I was ten feet closer to the group before the rest of the group reacted to their buddy’s curse.  When Scarface saw me, he too spat out some curses as he reached into his dingy jean jacket.  I let him pull the pistol before I moved, but as soon as the black metal cleared the denim I seized his wrist and twisted it, driving his elbow up until it pointed at the ceiling.  The gun discharged once, into the floor, before his hand convulsed and he dropped it.  I turned at the waist and put every ounce of energy I could muster through my fist and into his floating ribs.  He folded from the blow, bounced off the counter, and fell through a wire rack of shrimp flavored chips.  I didn’t expect that he’d get back up any time soon.
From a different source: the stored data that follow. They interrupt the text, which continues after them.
lemma ln_opoly_form_bounded:
  assumes "\<And>n. 0 < \<gamma> n" "0 < B" "4 * B + 32 \<le> \<gamma> n" "\<bar>\<gamma> (Suc n) - \<gamma> n\<bar> \<le> 1"
  shows "\<exists>K. \<forall>\<omega>. \<bar>\<omega>\<bar> \<le> B \<longrightarrow> \<bar>ln (opoly_form \<gamma> n \<omega>)\<bar> \<le> K"
proof -
  have "continuous_on (cball 0 B) (opoly_form \<gamma> n)"
    unfolding opoly_form_def qform_def by (intro continuous_intros continuous_on_opoly)
  moreover have "opoly_form \<gamma> n \<omega> \<noteq> 0" if "\<omega> \<in> cball 0 B" for \<omega>
    using opoly_form_pos[OF assms] that by (simp add: less_imp_neq[THEN not_sym])
  ultimately have "continuous_on (cball 0 B) (\<lambda>\<omega>. ln (opoly_form \<gamma> n \<omega>))"
    by (auto intro!: continuous_intros)
  then have "bounded ((\<lambda>\<omega>. ln (opoly_form \<gamma> n \<omega>)) ` cball 0 B)"
    by (simp add: compact_imp_bounded compact_continuous_image)
  then obtain K where "\<forall>\<omega>\<in>cball 0 B. \<bar>ln (opoly_form \<gamma> n \<omega>)\<bar> \<le> K"
    by (auto simp: bounded_iff)
  then show ?thesis
    by (intro exI[of _ K]) (simp add: dist_real_def)
qed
Yam hauled ass for the door.  I couldn’t stop him; two of Scarface’s boys tried to outflank me.  As the one to my left threw a jab, I parried it and used the momentum to simultaneously palm strike him in the chest and carry my right hand – curled into a "fish hook," a way of striking with the back of the wrist – into the other guy’s throat before he could take a shot at me.

A third kid jumped in with a jab to my face before his buddies hit the ground.  He had good form, didn’t telegraph, and knew not to throw his shoulder.

But I managed to catch his wrist.  He shifted his weight to his rear foot for a kick; I felt it.

When his foot left the floor, I sank into the posture called
Needle at the Bottom of the Sea
, pulling his wrist down, almost to the floor, disrupting his balance and making it impossible for him to kick.  Predictably, he tried to lean back and regain his balance.  I followed him up with the technique
Fan through Back
– while holding his wrist, I pulled him in close and simultaneously struck him in the face with the knife edge of my hand. 

The girl huddled in the corner with her hands drawn up to her mouth. 

I said, "I’ll be back.  Call the police."

I ran outside and was met with several gunshots.  I managed to duck back inside before I got shot.  I’d have to remember to ask Knox to teach me that hop- around- corners- and- stick- to- walls- while- searching- a- strange- location thing that all the cops do on TV.  Since I didn’t know how to do that, I grabbed the back of Scarface’s jacket – I was pretty amazed that he was trying to get up already - and threw him through the door.  Lucky for him, his buddy was a crappy shot.  I heard two dry clicks and then Yam said, "
Tiu nia ma chow hai."

What a potty-mouth.

The empty gun clattered to the street and Yam’s footfalls echoed off into the night.

I pursued, kicking the dazed Scarface, still struggling to sit up, as I passed.  I rounded the corner and saw that I was only about a hundred feet behind Yam.  He kept looking back at me as he ran, and that slowed him down.   It also kept him from noticing the oncoming car until it was too late to move out of the way.  He hit the left front quarter panel, flew over the hood, and landed on his head on the other side.